(Activity) Retype exactly, and only, the lines from the one that contains "vs has_derivative (\<lambda>v." through the final line of the entries.

**** Records provided

(* For $i\in\{1,2\}$ let $(\mathcal B_{i,\mathbb R},\mathcal S_i,e_i,m_i)$ be as in the context, with the same constant $\kappa$. Let $\mathcal L\in L(\mathcal B_{1,\mathbb R},\mathcal B_{2,\mathbb R})$ and $\mathcal L_{\mathbb C}\in L(\mathcal B_{1,\mathbb C},\mathcal B_{2,\mathbb C})$. Assume $\mathcal L(\mathcal C_{1,\mathbb R})\subset\mathcal C_{2,\mathbb R}$ and $\Delta_{\mathbb R}:=\operatorname{diam}_{d_H}(\mathcal L(\mathcal C_{1,\mathbb R}))<\infty$. If there exists $\varepsilon\in\big(0,\frac{\kappa^2}{12\sqrt2}e^{-2\Delta_{\mathbb R}}\big)$ such that for all $\ell\in\mathcal S_2$ and all $h\in\mathcal C_{1,\mathbb R}$, \[|\ell(\mathcal L_{\mathbb C}h)-\ell(\mathcal Lh)|\le\varepsilon\,\ell(\mathcal Lh),\] then $\mathcal L_{\mathbb C}(\mathcal C_{1,\mathbb C})\subset\mathcal C_{2,\mathbb C}$ and \[\operatorname{diam}_{\delta_{\mathcal C_{2,\mathbb C}}}(\mathcal L_{\mathbb C}(\mathcal C_{1,\mathbb C}))\le8\Delta_{\mathbb R}+2\ln[3\sqrt2\kappa^{-2}]+\tfrac{\sqrt2}{3}\kappa^2e^{-2\Delta_{\mathbb R}}.\]
   Context: Cone setting. $V$ is a real topological vector space, $\mathcal S\subset V'$ a set of linear functionals such that $\ell(x)=0$ for all $\ell\in\mathcal S$ implies $x=0$, and $C_{\mathbb R}=\{h\in V\setminus\{0\}:\ell(h)\ge0\ \forall\ell\in\mathcal S\}$. There is $e\in C_{\mathbb R}$ such that for every $h\in V$ some $\lambda\ge0$ has $\lambda e-h\in C_{\mathbb R}$. The norm is $\|h\|=\inf\{\lambda\ge0:\ell(\lambda e\pm h)\ge0\ \forall\ell\in\mathcal S\}$ and $\mathcal B_{\mathbb R}$ is the completion of $V$; $\mathcal C_{\mathbb R}=\{h\in\mathcal B_{\mathbb R}\setminus\{0\}:\ell(h)\ge0\ \forall\ell\in\mathcal S\}$. $\mathcal S_*$ is the weak-$*$ closure of the convex hull of $\{\lambda\ell:\lambda>0,\ell\in\mathcal S\}$, and there exist $m\in\mathcal S_*$ and $\kappa\in(0,1)$ with $m(e)=1$ and $m(h)\ge\kappa\|h\|$ for all $h\in\mathcal C_{\mathbb R}$. $\mathcal C'_{\mathbb R}=\{\ell\in\mathcal B'_{\mathbb R}:\ell(h)\ge0\ \forall h\in\mathcal C_{\mathbb R}\}$. The Hilbert metric on $\mathcal C_{\mathbb R}$ is $d_H(h,g)=\ln(\beta/\alpha)$, $\alpha=\sup\{\lambda>0:g-\lambda h\in\mathcal C_{\mathbb R}\}$, $\beta=\inf\{\mu>0:\mu h-g\in\mathcal C_{\mathbb R}\}$. $\mathcal B_{\mathbb C}$ is the complexification (elements $x+iy$, $x,y\in\mathcal B_{\mathbb R}$, norm $\|x+iy\|=\sup_\theta(\|\Re(e^{i\theta}(x+iy))\|^2+\|\Im(e^{i\theta}(x+iy))\|^2)^{1/2}$), real functionals extended complex-linearly. Complex cone $\mathcal C_{\mathbb C}=\{z(x+iy):z\in\mathbb C\setminus\{0\},x,y\in\mathcal C_{\mathbb R}\}$; dual cone $\mathcal C'_{\mathbb C}=\{\ell\in\mathcal B'_{\mathbb C}:\ell(h)\ne0\ \forall h\in\mathcal C_{\mathbb C}\}$. For $h,g\in\mathcal C_{\mathbb C}$, $E(h,g)=\{\ell(h)/\ell(g):\ell\in\mathcal C'_{\mathbb C}\}$ and $\delta_{\mathcal C}(h,g)=\ln\frac{\sup_{z\in E(h,g)}|z|}{\inf_{z\in E(h,g)}|z|}$; diameters are taken with respect to $\delta_{\mathcal C}$. Objects of the $i$-th space carry index $i$. *)

theory Defs
  imports "HOL-Analysis.Analysis"
begin

definition coneR :: "('a::real_vector \<Rightarrow> real) set \<Rightarrow> 'a set" where
  "coneR S = {h. h \<noteq> 0 \<and> (\<forall>l\<in>S. l h \<ge> 0)}"

definition pos_comb :: "('a \<Rightarrow> real) set \<Rightarrow> ('a \<Rightarrow> real) set" where
  "pos_comb S = {(\<lambda>x. \<Sum>l\<in>F. c l * l x) | F c. finite F \<and> F \<noteq> {} \<and> F \<subseteq> S \<and> (\<forall>l\<in>F. c l > 0)}"

text \<open>S_* : weak-star closure (in the dual space; the topology on functions is the
  product topology = topology of pointwise convergence) of pos_comb S.\<close>
definition S_star :: "('a::real_normed_vector \<Rightarrow> real) set \<Rightarrow> ('a \<Rightarrow> real) set" where
  "S_star S = {l \<in> closure (pos_comb S). bounded_linear l}"

text \<open>The standing assumptions: the type 'a is the completion B_R of the dense subspace V,
  S separates points of V, e is an order unit, the norm is the order-unit norm,
  and m, kappa as in the context.\<close>
definition cone_setting ::
  "'a::banach set \<Rightarrow> ('a \<Rightarrow> real) set \<Rightarrow> 'a \<Rightarrow> ('a \<Rightarrow> real) \<Rightarrow> real \<Rightarrow> bool" where
  "cone_setting V S e m \<kappa> \<longleftrightarrow>
     subspace V \<and> closure V = UNIV \<and>
     (\<forall>l\<in>S. bounded_linear l) \<and>
     (\<forall>x\<in>V. (\<forall>l\<in>S. l x = 0) \<longrightarrow> x = 0) \<and>
     e \<in> V \<and> e \<in> coneR S \<and>
     (\<forall>h\<in>V. \<exists>c\<ge>0. c *\<^sub>R e - h \<in> coneR S) \<and>
     (\<forall>h\<in>V. norm h = Inf {c. c \<ge> 0 \<and>
         (\<forall>l\<in>S. l (c *\<^sub>R e + h) \<ge> 0 \<and> l (c *\<^sub>R e - h) \<ge> 0)}) \<and>
     m \<in> S_star S \<and> m e = 1 \<and> (\<forall>h\<in>coneR S. m h \<ge> \<kappa> * norm h) \<and>
     0 < \<kappa> \<and> \<kappa> < 1"

definition hilbert_alpha :: "('a::real_vector \<Rightarrow> real) set \<Rightarrow> 'a \<Rightarrow> 'a \<Rightarrow> ereal" where
  "hilbert_alpha S h g = Sup ({0} \<union> ereal ` {c. c > 0 \<and> g - c *\<^sub>R h \<in> coneR S})"

definition hilbert_beta :: "('a::real_vector \<Rightarrow> real) set \<Rightarrow> 'a \<Rightarrow> 'a \<Rightarrow> ereal" where
  "hilbert_beta S h g = Inf (ereal ` {\<mu>. \<mu> > 0 \<and> \<mu> *\<^sub>R h - g \<in> coneR S})"
text \<open>An attained infimum of continuous functions is upper semicontinuous, so its supremum over
  a compact set is attained at any limit point of a maximizing sequence.\<close>
lemma attained_inf_of_continuous_attains_sup:
  fixes h :: "'a::metric_space \<Rightarrow> real"
  assumes "compact S" "S \<noteq> {}" and inf: "attained_inf_on S I g h"
    and cont: "\<And>i. i \<in> I \<Longrightarrow> continuous_on S (g i)"
  obtains w where "w \<in> S" "\<And>v. v \<in> S \<Longrightarrow> h v \<le> h w"
proof -
  have le: "h v \<le> g i v" if "i \<in> I" "v \<in> S" for i v
    using inf that unfolding attained_inf_on_def by blast
  have attained: "\<exists>i\<in>I. g i v = h v" if "v \<in> S" for v
    using inf that unfolding attained_inf_on_def by blast
  obtain i0 where "i0 \<in> I" using attained \<open>S \<noteq> {}\<close> by blast
  have "bounded (g i0 ` S)"
    using compact_continuous_image[OF cont[OF \<open>i0 \<in> I\<close>] \<open>compact S\<close>] compact_imp_bounded by blast
  then obtain B where "\<And>v. v \<in> S \<Longrightarrow> \<bar>g i0 v\<bar> \<le> B"
    unfolding bounded_iff by auto
  then have bdd: "bdd_above (h ` S)"
    using le[OF \<open>i0 \<in> I\<close>] by (intro bdd_aboveI2[where M = B]) (meson abs_ge_self order_trans)
  define s where "s = (SUP v\<in>S. h v)"
  have "\<exists>v\<in>S. s - inverse (real (Suc n)) < h v" for n
  proof -
    have "s - inverse (real (Suc n)) < s" by simp
    then show ?thesis using less_cSUP_iff[OF \<open>S \<noteq> {}\<close> bdd] unfolding s_def by blast
  qed
  then obtain f where f: "\<And>n. f n \<in> S" "\<And>n. s - inverse (real (Suc n)) < h (f n)"
    by metis
  obtain l r where l: "l \<in> S" "strict_mono (r :: nat \<Rightarrow> nat)" "(f \<circ> r) \<longlonglongrightarrow> l"
    using \<open>compact S\<close> f(1) unfolding compact_eq_seq_compact_metric seq_compact_def by metis
  obtain i where i: "i \<in> I" "g i l = h l" using attained[OF l(1)] by blast
  have below: "s - inverse (real (Suc n)) \<le> g i (f (r n))" for n
  proof -
    have "inverse (real (Suc (r n))) \<le> inverse (real (Suc n))"
      using seq_suble[OF l(2), of n] by (intro le_imp_inverse_le) auto
    then show ?thesis using f(2)[of "r n"] le[OF i(1) f(1)[of "r n"]] by linarith
  qed
  have "(\<lambda>n. s - inverse (real (Suc n))) \<longlonglongrightarrow> s"
    using tendsto_diff[OF tendsto_const LIMSEQ_inverse_real_of_nat, of s] by simp
  moreover have "(\<lambda>n. g i (f (r n))) \<longlonglongrightarrow> g i l"
    using f(1)
    by (intro continuous_on_tendsto_compose[OF cont[OF i(1)] l(3)[unfolded comp_def] l(1)]) simp
  ultimately have "s \<le> h l" unfolding i(2)[symmetric] using below by (intro LIMSEQ_le) auto
  moreover have "h v \<le> s" if "v \<in> S" for v unfolding s_def using cSUP_upper[OF that bdd] .
  ultimately show ?thesis using that l(1) by fastforce
qed
lemma sld_inner_diagc_diagc:
  assumes "\<forall>k. t$k > 0"
  shows "sld_inner (diagc t) (diagc x) (diagc y) = (\<Sum>i\<in>UNIV. x$i * y$i / t$i)"
proof -
  have "sld_inner (diagc t) (diagc x) (diagc y) =
      (\<Sum>i\<in>UNIV. \<Sum>j\<in>UNIV. if i = j then x$i * y$i / t$i else 0)"
    unfolding sld_inner_diagc[OF assms hermitian_diagc hermitian_diagc]
    by (intro sum.cong refl) (auto simp: diagc_def inner_complex_def)
  then show ?thesis by simp
qed

lemma sld_inner_diagc_diff_left:
  assumes "\<forall>k. t$k > 0" and "hermitian A" and "hermitian B" and "hermitian X"
  shows "sld_inner (diagc t) (A - B) X = sld_inner (diagc t) A X - sld_inner (diagc t) B X"
  unfolding sld_inner_diagc[OF assms(1) hermitian_diff[OF assms(2,3)] assms(4)]
    sld_inner_diagc[OF assms(1,2,4)] sld_inner_diagc[OF assms(1,3,4)]
  by (simp add: inner_diff_left diff_divide_distrib right_diff_distrib sum_subtractf)

lemma sld_inner_diagc_self_eq_0:
  assumes pos: "\<forall>k. t$k > 0" and hA: "hermitian A" and "sld_inner (diagc t) A A = 0"
  shows "A = 0"
proof -
  have nonneg: "0 \<le> 2 * (A$i$j \<bullet> A$i$j) / (t$i + t$j)" for i j
    using pos by (simp add: add_pos_pos less_imp_le)
  have "2 * (A$i$j \<bullet> A$i$j) / (t$i + t$j) = 0" for i j
    using assms(3) unfolding sld_inner_diagc[OF pos hA hA]
    by (subst (asm) sum_nonneg_eq_0_iff) (auto simp: sum_nonneg_eq_0_iff nonneg sum_nonneg)
  then have "A$i$j = 0" for i j
    using pos by (simp add: add_pos_pos order_less_imp_not_eq2)
  then show ?thesis by (simp add: vec_eq_iff)
qed

lemma tangent_in_kernel_of_constant_linear:
  assumes f: "bounded_linear f" and e: "e > 0" and const: "\<forall>\<tau>\<in>{-e<..<e}. f (r \<tau>) = a"
    and r: "(r has_vector_derivative \<Xi>) (at 0)"
  shows "f \<Xi> = 0"
proof -
  have "((\<lambda>\<tau>. f (r \<tau>)) has_vector_derivative f \<Xi>) (at 0)"
    by (rule bounded_linear.has_vector_derivative[OF f r])
  moreover have "((\<lambda>\<tau>. f (r \<tau>)) has_vector_derivative 0) (at 0)"
    by (rule has_vector_derivative_transform_within_open[of "\<lambda>_. a" _ _ "{-e<..<e}"])
      (use e const in auto)
  ultimately show ?thesis by (rule vector_derivative_unique_at)
qed

lemma tangent_of_curve_in_Pdot:
  assumes "e > 0" and "r ` {-e<..<e} \<subseteq> Pdot" and "(r has_vector_derivative \<Xi>) (at 0)"
  shows "\<Xi> \<in> TPdot"
proof -
  have "bounded_linear (\<lambda>M::'a cmat. M - ctranspose M)"
    by (intro bounded_linear_sub bounded_linear_ident bounded_linear_ctranspose)
  moreover have "\<forall>\<tau>\<in>{-e<..<e}. r \<tau> - ctranspose (r \<tau>) = 0"
    using assms(2) by (auto simp: Pdot_def hermitian_iff_ctranspose)
  ultimately have "\<Xi> - ctranspose \<Xi> = 0"
    using tangent_in_kernel_of_constant_linear assms(1,3) by blast
  then have "hermitian \<Xi>" by (simp add: hermitian_iff_ctranspose)
  moreover have "\<forall>\<tau>\<in>{-e<..<e}. mtrace (r \<tau>) = 1"
    using assms(2) by (auto simp: Pdot_def)
  then have "mtrace \<Xi> = 0"
    by (rule tangent_in_kernel_of_constant_linear[OF bounded_linear_mtrace assms(1) _ assms(3)])
  ultimately show ?thesis by (simp add: TPdot_def)
qed

definition quadratic_form :: "'n::finite cmat \<Rightarrow> complex^'n \<Rightarrow> real" where
  "quadratic_form M x = Re (\<Sum>i\<in>UNIV. cnj (x$i) * (M *v x)$i)"

lemma posdef_iff_quadratic_form: "posdef M \<longleftrightarrow> (\<forall>x. x \<noteq> 0 \<longrightarrow> quadratic_form M x > 0)"
  by (simp add: posdef_def quadratic_form_def)

lemma quadratic_form_add_scaleR: "quadratic_form (A + c *\<^sub>R B) x = quadratic_form A x + c * quadratic_form B x"
proof -
  have "((A + c *\<^sub>R B) *v x)$i = (A *v x)$i + c *\<^sub>R (B *v x)$i" for i
    by (simp add: matrix_vector_mult_def sum.distrib scaleR_sum_right distrib_right)
  then show ?thesis
    unfolding quadratic_form_def by (simp add: distrib_left sum.distrib scaleR_sum_right[symmetric])
qed

lemma norm_vec_power2:
  fixes x :: "'a::real_inner ^ 'n::finite"
  shows "(norm x)^2 = (\<Sum>i\<in>UNIV. (norm (x$i))^2)"
  by (simp add: power2_norm_eq_inner inner_vec_def)

lemma quadratic_form_diagc: "quadratic_form (diagc t) x = (\<Sum>i\<in>UNIV. t$i * (norm (x$i))^2)"
proof -
  have "(diagc t *v x)$i = complex_of_real (t$i) * x$i" for i
    unfolding diagc_def matrix_vector_mult_def by (simp add: if_distrib if_distribR cong: if_cong)
  then have "cnj (x$i) * (diagc t *v x)$i = complex_of_real (t$i * (norm (x$i))^2)" for i
    by (simp only: of_real_mult complex_norm_square) (simp add: mult_ac)
  then show ?thesis
    unfolding quadratic_form_def by (simp only: of_real_sum[symmetric] Re_complex_of_real)
qed

lemma abs_quadratic_form_le:
  fixes M :: "'n::finite cmat"
  shows "\<bar>quadratic_form M x\<bar> \<le> (\<Sum>i\<in>UNIV. \<Sum>j\<in>UNIV. norm (M$i$j)) * (norm x)^2"
proof -
  have "\<bar>quadratic_form M x\<bar> \<le> norm (\<Sum>i\<in>UNIV. \<Sum>j\<in>UNIV. cnj (x$i) * (M$i$j * x$j))"
    unfolding quadratic_form_def matrix_vector_mult_def vec_lambda_beta sum_distrib_left
    by (rule abs_Re_le_cmod)
  also have "\<dots> \<le> (\<Sum>i\<in>UNIV. \<Sum>j\<in>UNIV. norm (M$i$j) * (norm x)^2)"
  proof (intro order_trans[OF norm_sum sum_mono] order_trans[OF norm_sum sum_mono])
    fix i j
    have "norm (x$i) * norm (x$j) \<le> norm x * norm x"
      by (intro mult_mono) (auto simp: Finite_Cartesian_Product.norm_nth_le)
    then have "norm (M$i$j) * (norm (x$i) * norm (x$j)) \<le> norm (M$i$j) * (norm x)^2"
      by (simp add: mult_left_mono power2_eq_square)
    then show "norm (cnj (x$i) * (M$i$j * x$j)) \<le> norm (M$i$j) * (norm x)^2"
      by (simp add: norm_mult mult_ac)
  qed
  finally show ?thesis by (simp add: sum_distrib_right)
qed

lemma eventually_posdef_diagc_perturb:
  fixes t :: "real^'n::finite"
  assumes pos: "\<forall>k. t$k > 0"
  shows "eventually (\<lambda>\<tau>. posdef (diagc t + \<tau> *\<^sub>R X)) (nhds 0)"
proof -
  define m where "m = Min (range (\<lambda>k. t$k))"
  have m_le: "m \<le> t$k" for k unfolding m_def by (rule Min_le) auto
  have "m \<in> range (\<lambda>k. t$k)" unfolding m_def by (rule Min_in) auto
  then have "m > 0" using pos by auto
  define K where "K = (\<Sum>i\<in>UNIV. \<Sum>j\<in>UNIV. norm (X$i$j))"
  have "((\<lambda>\<tau>. \<bar>\<tau>\<bar> * K) \<longlongrightarrow> 0) (nhds 0)"
    by (auto intro!: tendsto_eq_intros filterlim_ident)
  from order_tendstoD(2)[OF this \<open>m > 0\<close>]
  show ?thesis
  proof (rule eventually_mono)
    fix \<tau> :: real assume small: "\<bar>\<tau>\<bar> * K < m"
    show "posdef (diagc t + \<tau> *\<^sub>R X)"
      unfolding posdef_iff_quadratic_form
    proof (intro allI impI)
      fix x :: "complex^'n" assume "x \<noteq> 0"
      have "m * (norm x)^2 \<le> quadratic_form (diagc t) x"
        unfolding quadratic_form_diagc norm_vec_power2 sum_distrib_left
        by (intro sum_mono mult_right_mono m_le) auto
      moreover have "\<bar>\<tau> * quadratic_form X x\<bar> \<le> \<bar>\<tau>\<bar> * K * (norm x)^2"
        unfolding abs_mult mult.assoc K_def by (rule mult_left_mono[OF abs_quadratic_form_le abs_ge_zero])
      moreover have "\<bar>\<tau>\<bar> * K * (norm x)^2 < m * (norm x)^2"
        using small \<open>x \<noteq> 0\<close> by simp
      ultimately show "quadratic_form (diagc t + \<tau> *\<^sub>R X) x > 0"
        unfolding quadratic_form_add_scaleR by linarith
    qed
  qed
qed

lemma Dm_subset_Pdot: "(Dm :: 'n::finite cmat set) \<subseteq> Pdot"
proof
  fix \<Theta> :: "'n cmat" assume "\<Theta> \<in> Dm"
  then obtain t where \<Theta>: "\<Theta> = diagc t" and pos: "\<forall>k. t$k > 0"
    and sum1: "(\<Sum>k\<in>UNIV. t$k) = 1"
    unfolding Dm_def by blast
  have "posdef (diagc t)"
    using eventually_nhds_x_imp_x[OF eventually_posdef_diagc_perturb[OF pos, of 0]] by simp
  then show "\<Theta> \<in> Pdot"
    using \<Theta> sum1 by (simp add: Pdot_def hermitian_diagc mtrace_diagc)
qed

lemma line_in_Pdot:
  assumes pos: "\<forall>k. t$k > 0" and sum1: "(\<Sum>k\<in>UNIV. t$k) = 1" and X: "X \<in> TPdot"
  shows "\<exists>e>0. (\<lambda>\<tau>. diagc t + \<tau> *\<^sub>R X) ` {-e<..<e} \<subseteq> Pdot"
proof -
  obtain e where "e > 0" and e: "\<And>\<tau>. dist \<tau> 0 < e \<Longrightarrow> posdef (diagc t + \<tau> *\<^sub>R X)"
    using eventually_posdef_diagc_perturb[OF pos, of X] unfolding eventually_nhds_metric by blast
  have "diagc t + \<tau> *\<^sub>R X \<in> Pdot" if "\<tau> \<in> {-e<..<e}" for \<tau>
    using X that e[of \<tau>]
    by (auto simp: Pdot_def TPdot_def hermitian_add hermitian_diagc hermitian_scaleR
        mtrace_add mtrace_scaleR mtrace_diagc sum1 dist_real_def)
  then show ?thesis using \<open>e > 0\<close> by blast
qed

lemma smooth_on_line: "smooth_on S (\<lambda>\<tau>::real. A + \<tau> *\<^sub>R (X::'a::real_normed_vector))"
  unfolding smooth_on_def
proof (intro exI conjI ballI allI)
  define D :: "real list \<Rightarrow> real \<Rightarrow> 'a" where
    "D = (\<lambda>vs. case vs of [] \<Rightarrow> (\<lambda>\<tau>. A + \<tau> *\<^sub>R X) | [v] \<Rightarrow> (\<lambda>_. v *\<^sub>R X) | _ \<Rightarrow> (\<lambda>_. 0))"
  fix x show "D [] x = A + x *\<^sub>R X" by (simp add: D_def)
  fix vs :: "real list"
  show "(D vs has_derivative (\<lambda>v. D (v # vs) x)) (at x)"
  proof (cases vs)
    case Nil
    then show ?thesis by (auto simp: D_def intro!: derivative_eq_intros)
  next
    case (Cons a vs')
    then show ?thesis by (cases vs') (auto simp: D_def intro!: derivative_eq_intros)
  qed
qed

********

(Solution for this task)
  show "(D vs has_derivative (\<lambda>v. D (v # vs) x)) (at x)"
  proof (cases vs)
    case Nil
    then show ?thesis by (auto simp: D_def intro!: derivative_eq_intros)
  next
    case (Cons a vs')
    then show ?thesis by (cases vs') (auto simp: D_def intro!: derivative_eq_intros)
  qed
qed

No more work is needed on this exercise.